Ideally, a barrier coating should adhere well to the substrate and be free of cracks, with a coefficient of thermal expansion close to the value for the substrate. The coating should have good high temperature resistance and prevent O2 ingress and C egress. Barrier coatings include noble metals, carbides, borides, nitrides and silicides.
- Noble metals
Iridium (mp=2440C) does not react with C to form carbides (up to 2280C) and is a superb barrier to O2 (up to 2100C) but is very expensive and difficult to apply with poor adhesion to carbon composite. At high temperatures, it can form volatile Ir2O3 and IrO3, which can cause erosion.
- Silicon coatings
Pack cementation, or SiC conversion, can be employed, where the materials to be coated are packed in containers holding Si, SiC, Al2O3 and MgO powders. These react at 1600C to form a SiC coating graded from pure carbon on the inside to pure silicon on the outside and achieving a thickness of about 0.5mm.
Si (l or g)+ C→ SiC
SiO+2C→SiC+CO (g)
Molten silicon does, however, have a preference to react with the carbon fibers rather than with the carbon matrix and this can be avoided by applying an initial coat of SiC using the CVD process, giving a more dense coating.
Oxidation characteristics of high temperature ceramics
Chemical vapor deposition using CH3SiCl, or CH3SiCl3 in the presence of H2 at 1125C can employed to deposit an outer coating of SiC from the gaseous phase, which acts as a primary barrier to O2 ingress. A B rich inner layer, applied by slurry coating, or the CVD process, provides the means of sealing any cracks in the outer coating.
There is a good thermal expansion match with carbon-carbon composites and silicon ceramics. SiC is limited to use at 1700C as the layer is disrupted by formation of CO.
At temperatures below 1150C, the viscosity of the silica glass is too high and is it unable to flow into any cracks that may develop. However, it is widely used in conjunction with B.
An alternative approach is to use a carbon-silicon matrix via chemical vapor infiltration with carbon and SiC co-deposition from CH3SiCl3, C2H2, Ar and H2, by gradually varying the source gases in semi-continuous process, from C2H2 to CH3SiCl3. Although this material seems to be macroscopically homogeneous, microscopic examination shows a gradient variation of the matrix sheaths around each fiber. The oxidation resistance of the material is significantly superior to that of a carbon-carbon material.
A serious problem with a SiC coating is spallation and crack formation due to thermal mismatch stresses. Applying a graded coating-pure carbon on the inside and pure SiC coating on the outside-helps to minimize spallation.
General Atomic technologies have developed another process termed a preceramic polymer coating (PPC) using a polymeric coating system made by Ethyl Corporation, which have been shown to perform as well as, or better than, the industry standard CVD-SiC system.
Carbon-carbon made with a cellulose based carbon fiber has a coefficient of thermal expansion about twice that a a PAN based carbon fiber system.
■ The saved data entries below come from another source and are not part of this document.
definition pcball :: "real \<Rightarrow> (complex^'n) set" where
  "pcball r = {z. \<forall>j. norm (z $ j) \<le> r}"

lemma vec_upd_in_polydisc: "z \<in> polydisc \<Longrightarrow> norm w < 1 \<Longrightarrow> vec_upd z i w \<in> polydisc"
  by (simp add: polydisc_def)

lemma vec_upd_in_pcball: "z \<in> pcball r \<Longrightarrow> norm w \<le> r \<Longrightarrow> vec_upd z i w \<in> pcball r"
  by (simp add: pcball_def)

lemma pball_subset_pcball: "pball r \<subseteq> pcball r"
  by (auto simp: pball_def pcball_def less_imp_le)

lemma pcball_subset_polydisc: "r < 1 \<Longrightarrow> pcball r \<subseteq> polydisc"
  by (auto simp: pcball_def polydisc_def intro: le_less_trans)

lemma open_pball: "open (pball r)"
proof -
  have "pball r = (\<Inter>j. {z::complex^'n. norm (z $ j) < r})"
    by (auto simp: pball_def)
  also have "open \<dots>"
    by (auto intro!: open_INT open_Collect_less continuous_intros)
  finally show ?thesis .
qed

lemma compact_pcball: "compact (pcball r)"
proof -
  have "pcball r = (\<Inter>j. {z::complex^'n. norm (z $ j) \<le> r})"
    by (auto simp: pcball_def)
  also have "closed \<dots>"
    by (auto intro!: closed_INT closed_Collect_le continuous_intros)
  finally have "closed (pcball r :: (complex^'n) set)" .
  moreover have "norm z \<le> real CARD('n) * r" if "z \<in> pcball r" for z :: "complex^'n"
  proof -
    have "norm z \<le> (\<Sum>j\<in>UNIV. norm (z $ j))"
      unfolding norm_vec_def by (rule L2_set_le_sum) auto
    also have "\<dots> \<le> (\<Sum>j\<in>(UNIV::'n set). r)"
      using that unfolding pcball_def by (intro sum_mono) blast
    finally show ?thesis by simp
  qed
  then have "bounded (pcball r :: (complex^'n) set)"
    unfolding bounded_iff by blast
  ultimately show ?thesis
    by (simp add: compact_eq_bounded_closed)
qed

lemma polydisc_in_smaller_pball:
  assumes "z \<in> polydisc"
  obtains r where "0 < r" "r < 1" "z \<in> pball r"
proof -
  define m where "m = Max ((\<lambda>j. norm (z $ j)) ` UNIV)"
  have "m \<in> (\<lambda>j. norm (z $ j)) ` UNIV"
    unfolding m_def by (intro Max_in) auto
  then have "0 \<le> m" "m < 1"
    using assms by (auto simp: polydisc_def)
  then obtain r where "m < r" "r < 1"
    using dense by blast
  moreover have "norm (z $ j) \<le> m" for j
    unfolding m_def by (intro Max_ge) auto
  ultimately show ?thesis
    using \<open>0 \<le> m\<close> by (intro that[of r]) (auto simp: pball_def intro: le_less_trans)
qed

lemma polydisc_eq_Union_pball: "polydisc = (\<Union>r\<in>{0<..<1}. pball r)"
proof
  show "polydisc \<subseteq> (\<Union>r\<in>{0<..<1}. pball r)"
    by (auto elim!: polydisc_in_smaller_pball)
  show "(\<Union>r\<in>{0<..<1}. pball r) \<subseteq> polydisc"
    by (auto simp: pball_def polydisc_def intro: less_trans)
qed

lemma continuous_on_polydisc_if_pcball:
  assumes "\<And>r. 0 < r \<Longrightarrow> r < 1 \<Longrightarrow> continuous_on (pcball r) f"
  shows "continuous_on polydisc f"
  unfolding polydisc_eq_Union_pball
  by (intro continuous_on_open_UN open_pball) (auto intro: continuous_on_subset[OF assms pball_subset_pcball])

lemma holomorphic_on_ball_if_smaller_balls:
  assumes "\<And>r. 0 < r \<Longrightarrow> r < R \<Longrightarrow> f holomorphic_on ball 0 r"
  shows "f holomorphic_on ball 0 R"
proof -
  have "ball 0 R = (\<Union>r\<in>{0<..<R}. ball (0::complex) r)"
  proof (intro equalityI subsetI)
    fix x :: complex assume "x \<in> ball 0 R"
    then obtain r where "norm x < r" "r < R"
      using dense by auto
    then show "x \<in> (\<Union>r\<in>{0<..<R}. ball 0 r)"
      by (intro UN_I[of r]) (auto intro: le_less_trans[OF norm_ge_zero])
  qed auto
  then show ?thesis
    using holomorphic_on_UN_open[of "{0<..<R}" f "ball 0"] assms by auto
qed

lemma eventually_at_0_in_punctured_disc: "\<forall>\<^sub>F t in at (0::complex). t \<noteq> 0 \<and> norm t < 1"
  unfolding eventually_at by (intro exI[of _ 1]) auto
Since the cellulose based carbon-carbon has a CTE fairly close to that of SiC or Si3N4, it is consequently less of a mismatch than a PAN based system, it will be necessary to accommodate this serous mismatch of CTEs and will require a sustained program of research to find a solution.
Silica films can be used as O2 diffusion barriers and may be applied by impregnation with tetraethylsilicate (TEOS) or by a sol-gel process. Extended use of silica coatings above 1200C is restricted by recrystallization occurring, with subsequent shrinkage and cracking. SiO2 has relatively poor wetting characteristics and at high temperatures, SiO2 must be separated by a hard oxide from the carbon-carbon, as other wise, it is reduced.